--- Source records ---
++++

(* Let $G$ be a finite group and let $N$ be the last term of its descending (lower) central series. Let $I$ be any set and $H=G^I$. Let $(X_m)_{m\in\mathbf{N}}$ be an increasing sequence of subsets of $H$ such that $\mathcal{G}(X_m)\subseteq X_{m+1}$ for all $m$ and $\bigcup_m X_m=H$. Then $N^I\subseteq X_m$ for all $m$ large enough.
   Context: For a subset $X$ of a group, $\mathcal{G}(X)=X\cup\{1\}\cup\{x^{-1}: x\in X\}\cup\{xy : x,y\in X\}$. *)

theory Defs
  imports "HOL-Algebra.Algebra"
begin

definition comm_subgroup :: "('a, 'b) monoid_scheme \<Rightarrow> 'a set \<Rightarrow> 'a set \<Rightarrow> 'a set" where
  "comm_subgroup G A B = generate G (\<Union>a\<in>A. \<Union>b\<in>B.
      {a \<otimes>\<^bsub>G\<^esub> b \<otimes>\<^bsub>G\<^esub> inv\<^bsub>G\<^esub> a \<otimes>\<^bsub>G\<^esub> inv\<^bsub>G\<^esub> b})"

fun lower_central :: "('a, 'b) monoid_scheme \<Rightarrow> nat \<Rightarrow> 'a set" where
  "lower_central G 0 = carrier G"
| "lower_central G (Suc k) = comm_subgroup G (lower_central G k) (carrier G)"

text \<open>The last term of the lower central series; for a finite group the series is
  decreasing and stabilises, so the last term is the intersection of all terms.\<close>
definition lcs_last :: "('a, 'b) monoid_scheme \<Rightarrow> 'a set" where
  "lcs_last G = (\<Inter>k. lower_central G k)"

definition gstep :: "('a, 'b) monoid_scheme \<Rightarrow> 'a set \<Rightarrow> 'a set" where
  "gstep K A = A \<union> {\<one>\<^bsub>K\<^esub>} \<union> (\<lambda>x. inv\<^bsub>K\<^esub> x) ` A
      \<union> (\<lambda>(x, y). x \<otimes>\<^bsub>K\<^esub> y) ` (Sigma A (\<lambda>_. A))"

end

theory Submission
  imports Defs "HOL-Library.Nat_Bijection" "HOL-Library.Disjoint_Sets"
begin

(* Since G is finite, its lower central series stabilises at N, so [N, G] = N; with N finite this
   yields one list g_1, ..., g_L in G such that every element of N is a product
   [c_1, g_1] ... [c_L, g_L] with all c_l in N.
   Call A a subset of I reached if the copy of N^A in G^I lies in some S m. Reached sets are closed
   under finite unions and under subsets. If I were not reached, splitting an unreached set along the
   fibres of one of its elements gives infinitely many pairwise disjoint unreached sets E_j. Choose
   y_j in N^(E_j) outside a sufficiently late S (b j) and glue them into one w in N^I. Writing
   w = [Z_1, g_1] ... [Z_L, g_L] coordinatewise, the finitely many Z_l lie in some S q, and projecting
   onto E_q writes y_q as a product of L commutators of elements of an early S m, so y_q lies in
   S (b q), a contradiction. *)

lemma decreasing_finite_sets_stabilise:
  fixes f :: "nat \<Rightarrow> 'a set"
  assumes dec: "\<And>k. f (Suc k) \<subseteq> f k" and fin: "finite (f 0)"
  shows "\<exists>K. f (Suc K) = f K"
proof -
  obtain K where K: "\<And>k. card (f K) \<le> card (f k)"
    using ex_has_least_nat[of "\<lambda>_. True" 0 "\<lambda>k. card (f k)"] by blast
  have "finite (f K)"
    using fin lift_Suc_antimono_le[of f, OF dec, of 0 K] finite_subset by blast
  then have "f (Suc K) = f K"
    using card_subset_eq[OF _ dec[of K]] K[of "Suc K"] card_mono[OF _ dec[of K]] by (simp add: le_antisym)
  then show ?thesis ..
qed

++++

--- To do ---
Which lines of the data contain the string "otimes"? Copy each of them.

--- Result below ---
      {a \<otimes>\<^bsub>G\<^esub> b \<otimes>\<^bsub>G\<^esub> inv\<^bsub>G\<^esub> a \<otimes>\<^bsub>G\<^esub> inv\<^bsub>G\<^esub> b})"
      \<union> (\<lambda>(x, y). x \<otimes>\<^bsub>K\<^esub> y) ` (Sigma A (\<lambda>_. A))"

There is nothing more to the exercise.